Training Procedure | AI Game Development: Synthetic Creatures with Learning and Reactive Behaviors

Training procedure uses weight optimization to produce the desired neural network. Effectively, the aim of the training procedure is to satisfy an objective function. The objective function determines the quality of a network, based on a high-level metric: Measure the performance for numerous examples, or just compare the total weight adjustments to a threshold. The objective function mainly determines when the training process is complete.

Data Sets

The training of a perceptron requires example data, namely an existing collection of input data with the desired output. Each of these input/output pairs is known as a sample, a single training case. Together, these samples form the data set.

Typically, not all the data set is used for training; it is split into two or three different subsets. Only one of these is used for training. The other two can be potentially used for validation (checking the results of the training to improve it), and testing (the final performance analysis of the network). Because of the simplicity of single-layer perceptrons, this is not always necessary, but this method comes in handy for more complex problems.

Further Information

The management of data sets is generally an extremely common problem in pattern recognition. Perceptrons also can be used for classification and feature recognition, but do not require any measures to split the data set (because it always converges). Chapter 26, "Classification and Regression Trees," covers the handling of data sets in more detail.

Training Algorithms

Training a perceptron usually adjusts the weights together using the optimization techniques presented. The key difference between training algorithms is how to process the samples, and there are two different approaches:

Each case can be treated individually, in an incremental fashion. The weights of the network are updated every time a sample is processed.
All the samples can be treated as a batch. The weights are updated only after the entire set has been processed. This is known as an epoch. (It's a reference to measure the performance-learning algorithms.)

Regardless of the approach used, the aim of the training process is to adjust the weights into a near optimal configuration, which will allow the network to perform well when evaluated.

Perceptron Training

The perceptron training algorithm is an incremental approach, but makes use of gradient information for better convergence (see Listing 17.2). This is done using the steepest descent technique, which computes the necessary adjustment Dw_i for each weight w_i:

graphics/215equ01.gif

This equation expresses the necessary change to a weight in terms of the learning rate h, the output difference between the actual output y and the desired target t, and the current value of the input x_i. The learning rate h is a small constant, usually chosen by the AI engineer, as discussed for the gradient methods.

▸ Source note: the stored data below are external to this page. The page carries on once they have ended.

(* In the Bayesian online learning setting for $n$-round dynamic inference described in the context, for any online-learned estimation strategy and any round $i$, the parameter $W$ is conditionally independent of the current observation $X_i$ and the estimates $\hat Y^i$ up to round $i$, given the past observations $Z^{i-1}=((X_1,Y_1),\ldots,(X_{i-1},Y_{i-1}))$.
   Context: Setting (Bayesian online learning for $n$-round dynamic inference). $\mathsf X,\mathsf Y,\hat{\mathsf Y},\mathsf W$ are measurable spaces. The following are given: a distribution $P_{X_1}$ on $\mathsf X$; probability transition kernels $K_i(\cdot\mid x,\hat y)$ from $\mathsf X\times\hat{\mathsf Y}$ to $\mathsf X$ for $i=2,\ldots,n$; a parametrized family of kernels $\{P_{Y|X,w}:w\in\mathsf W\}$ from $\mathsf X$ to $\mathsf Y$; and a prior $P_W$ on $\mathsf W$. Write $Z_i=(X_i,Y_i)$. An online-learned estimation strategy is a tuple $(\psi_1,\ldots,\psi_n)$ of maps $\psi_i:(\mathsf X\times\mathsf Y)^{i-1}\times\hat{\mathsf Y}^{i-1}\times\mathsf X\to\hat{\mathsf Y}$. It determines the joint law of $(W,X^n,Y^n,\hat Y^n)$ as follows. $W\sim P_W$. $X_1\sim P_{X_1}$ is independent of $W$. For each $i$: given all previously generated variables, $Y_i\sim P_{Y|X,W}(\cdot\mid X_i,W)$; $\hat Y_i=\psi_i(Z^{i-1},\hat Y^{i-1},X_i)$; and, given all variables generated up to round $i$, $X_{i+1}\sim K_{i+1}(\cdot\mid X_i,\hat Y_i)$. *)

theory Defs
  imports "HOL-Probability.Probability"
begin
(* Let $\mathbb R^n$ and $\mathbb R_+=[0,\infty)$ carry the bounded coarse structures of their Euclidean metrics and let $\mathbb R^n\times\mathbb R_+$ carry the product coarse structure. Then the inclusion $i\colon\mathbb R_+\to\mathbb R^n\times\mathbb R_+$, $i(s)=(0,s)$, is a coarse homotopy-equivalence.
   Context: The bounded coarse structure on a metric space has as entourages the subsets of the sets $D_R=\{(x,y):d(x,y)<R\}$. The product coarse structure on $X\times Y$ has as entourages the subsets of finite unions of finite compositions of sets $M\times N$ with $M$, $N$ entourages of $X$, $Y$ (composition $M_1M_2=\{(x,z):\exists y,(x,y)\in M_1,(y,z)\in M_2\}$). In a coarse space, $M(x)=\{y:(y,x)\in M\}$ and a bounded set is one contained in some $M(x)$; a coarse map carries entourages into entourages and has bounded preimages of bounded sets. A generalised ray is $[0,\infty)$ with a unital coarse structure (diagonal contained in an entourage) such that entourages are open and bounded sets have compact closure. A coarse homotopy is a map $F\colon X\times R\to Y$ with $R$ a generalised ray such that $(x,t)\mapsto(F(x,t),t)$ is a coarse map $X\times R\to Y\times R$; for every bounded $B\subseteq X$ there is $T\in R$ such that for $x\in B$, $t\mapsto F(x,t)$ is constant for $t\ge T$; and $x\mapsto\lim_{t\to\infty}F(x,t)$ is coarse. Two coarse maps are coarsely homotopic if joined by a finite chain of pairs $F(-,0),F(-,\infty)$; a coarse map $f\colon X\to Y$ is a coarse homotopy-equivalence if there is a coarse $g\colon Y\to X$ with $g\circ f$ and $f\circ g$ coarsely homotopic to the identities. *)

theory Defs
  imports "HOL-Analysis.Analysis"
begin
lemma bilin_ext_tens: assumes "lin2 F" shows "bilin_ext F (tens x y) = F x y"
proof -
  have l1: "lin (\<lambda>x. F x y)" for y using assms by (simp add: lin2_def)
  have l2: "lin (F x)" for x using assms by (simp add: lin2_def)
  have b: "(\<lambda>y. bilin_ext F (tens (bvec i) y)) = F (bvec i)" for i
    by (rule lin_eqI[OF lin_bilin_ext_tens_right l2]) simp
  have "(\<lambda>x. bilin_ext F (tens x y)) = (\<lambda>x. F x y)"
    by (rule lin_eqI[OF lin_bilin_ext_tens_left l1]) (metis b)
  then show ?thesis by metis
qed

lemma lin_comp: "lin f \<Longrightarrow> lin g \<Longrightarrow> lin (\<lambda>x. f (g x))"
  by (simp add: lin_def)

lemma lin_id [simp]: "lin (\<lambda>x. x)"
  by (simp add: lin_def)

lemma lin_tens_left_comp: "lin g \<Longrightarrow> lin (\<lambda>x. tens (g x) y)"
  using lin_comp[OF lin_tens_left] .
lemma lin_tens_right_comp: "lin g \<Longrightarrow> lin (\<lambda>x. tens y (g x))"
  using lin_comp[OF lin_tens_right] .
lemma lin_bilin_ext_comp: "lin g \<Longrightarrow> lin (\<lambda>x. bilin_ext F (g x))"
  using lin_comp[OF lin_bilin_ext] .
(* There exist universal constants $0<c\le C$ such that for every integer $d\ge 1$ and every integer $k\ge 2$ there exist a set $\mathcal{X}$ and a concept class $\mathcal{H}\subseteq\mathcal{Y}^{\mathcal{X}}$ with $\mathcal{Y}=\{0,1,\dots,k\}$ such that (1) $\mathsf{opt}_{\operatorname{full}}^{\operatorname{det}}(\mathcal{H})=d+1$; (2) $c\,dk\le \mathsf{opt}_{\operatorname{bandit}}^{\operatorname{det}}(\mathcal{H})\le C\,dk$; (3) $c(d+k)\le \mathsf{opt}_{\operatorname{bandit}}^{\operatorname{adap}}(\mathcal{H})\le C(d+k)$.
   Context: A concept class is a nonempty $\mathcal{H}\subseteq\mathcal{Y}^{\mathcal{X}}$; its induced pattern class $\mathcal{P}(\mathcal{H})$ is the set of finite sequences of examples $(x,y)\in\mathcal{X}\times\mathcal{Y}$ consistent with some $h\in\mathcal{H}$ (i.e. $h(x)=y$ for all examples), and $\mathsf{opt}(\mathcal{H}):=\mathsf{opt}(\mathcal{P}(\mathcal{H}))$ for each notion below. Online learning: in rounds $t=1,2,\dots$ the adversary presents $x_t$, the learner outputs a prediction $\hat y_t$ (a draw from a distribution depending on past observations and $x_t$; deterministic learners use point masses), and a mistake occurs if $\hat y_t\neq y_t$ for the true label $y_t$. Full-information feedback reveals $y_t$; bandit feedback reveals only whether $\hat y_t=y_t$. $\mathsf{opt}_{\operatorname{full}}^{\operatorname{det}}(\mathcal{P})$ (resp. $\mathsf{opt}_{\operatorname{bandit}}^{\operatorname{det}}(\mathcal{P})$) is the infimum over deterministic learners of the supremum over sequences $S\in\mathcal{P}$ of the number of mistakes with full-information (resp. bandit) feedback. A bandit history is realizable by $\mathcal{P}$ if some assignment of true labels, agreeing with all the correct/incorrect observations, makes the labeled sequence an element of $\mathcal{P}$. An adaptive adversary in each round chooses $x_t$ from the history, sees the learner's distribution $\pi^{(t)}$, and chooses a distribution $\tau^{(t)}$ for $y_t$; $\hat y_t\sim\pi^{(t)}$, $y_t\sim\tau^{(t)}$; it must keep the history realizable for every $y_t$ in the support of $\tau^{(t)}$. $\mathsf{opt}_{\operatorname{bandit}}^{\operatorname{adap}}(\mathcal{P})=\inf_{\text{learner}}\sup_{\text{adversary}}$ expected mistakes with bandit feedback. *)

theory Defs
  imports "HOL-Probability.Probability_Mass_Function"
begin

(* Instances are encoded with domain X :: nat set and labels in nat;
   a concept class is a set H of functions nat => nat (only values on X matter),
   with labels in Y = {0..k}. *)

definition patterns :: "nat set \<Rightarrow> (nat \<Rightarrow> nat) set \<Rightarrow> (nat \<times> nat) list set" where
  "patterns X H = {S. \<exists>h\<in>H. \<forall>(x,y)\<in>set S. x \<in> X \<and> h x = y}"

fun full_mistakes ::
  "((nat \<times> nat) list \<Rightarrow> nat \<Rightarrow> nat) \<Rightarrow> (nat \<times> nat) list \<Rightarrow> (nat \<times> nat) list \<Rightarrow> nat" where
  "full_mistakes L h [] = 0"
| "full_mistakes L h ((x,y) # S) =
     (if L h x = y then 0 else 1) + full_mistakes L (h @ [(x,y)]) S"

definition opt_full_det :: "nat set \<Rightarrow> (nat \<Rightarrow> nat) set \<Rightarrow> ennreal" where
  "opt_full_det X H = (INF L. SUP S\<in>patterns X H. of_nat (full_mistakes L [] S))"

(* bandit observations: (x_t, prediction, whether prediction was correct) *)
fun bandit_mistakes ::
  "((nat \<times> nat \<times> bool) list \<Rightarrow> nat \<Rightarrow> nat) \<Rightarrow> (nat \<times> nat \<times> bool) list \<Rightarrow> (nat \<times> nat) list \<Rightarrow> nat" where
  "bandit_mistakes L h [] = 0"
| "bandit_mistakes L h ((x,y) # S) =
     (let p = L h x in (if p = y then 0 else 1) + bandit_mistakes L (h @ [(x, p, p = y)]) S)"

definition opt_bandit_det :: "nat set \<Rightarrow> (nat \<Rightarrow> nat) set \<Rightarrow> ennreal" where
  "opt_bandit_det X H = (INF L. SUP S\<in>patterns X H. of_nat (bandit_mistakes L [] S))"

Formally, this is gradient descent on the error surface.

Listing 17.2 The Perceptron Training Algorithm

 initialize weights randomly while the objective function is unsatisfied      for each sample           simulate the perceptron           if result is invalid                for all inputs i                     delta = desired output                     weights[i] += learning_rate * delta * inputs[i]                end for           end if      end for end while

Testing of the result's validity is usually based on Boolean logic. The inputs and outputs are also usually set to 0 or 1. The interesting point to notice is that only the misclassified patterns are used to update the weights of the network.

Delta Rule

The delta rule is the equation expressing the gradient of the error in each weight, but it has also given its name to a training algorithm (see Listing 17.3). (It is also the basis of preceding solution.) A batch approach processes all the training samples before updating the weights.

Listing 17.3 The Delta Rule Applied as a Batch Learning Algorithm

 while termination condition is not verified      reset steps array to 0      for each training sample           compute the output of the perceptron           for each weight i                delta = desired output                steps[i] += delta * inputs[i]           end for      end for      for each weight i           weights[i] += learning_rate * steps[i]      end for end while

Mathematically, this corresponds to gradient descent on the quadratic error surface. In practice, it means the error is minimized globally for the entire data set, and provably so! The best result is always reached, so no validation is needed.

Synopsis

Perceptrons are an incredibly simple model providing a solution to linear problems. As such, there are very straightforward and efficient ways to teach it. The main decision is between the perceptron training algorithm and a batched delta rule.

Both methods are proven to find solutions if they exist, given a small enough learning rate h. The perceptron training will just make sure that all the outputs are correct in binary terms. On the other hand, the delta rule will minimize the error over all the training samples in continuous space. This guarantees that there is one single global minimum, and that the learning will converge (given a suitable h). This has many advantages, including the ability to deal with noise and provide a good approximation for nonlinear functions.

As such, the delta rule used in batch mode should be chosen whenever possible. The main requirement for this is to have all the data sets available for training (for instance, a log of wins and losses from the game). If this is not the case, and the perceptron needs to be learned using a stream of incoming data samples, the only option is an incremental one (for instance, learning tactics from experience during the game). Once again, just a simple application of the delta rules suffices; discarding samples classified correctly as in perceptron training can be useful in this case to prevent favoring recently learned samples.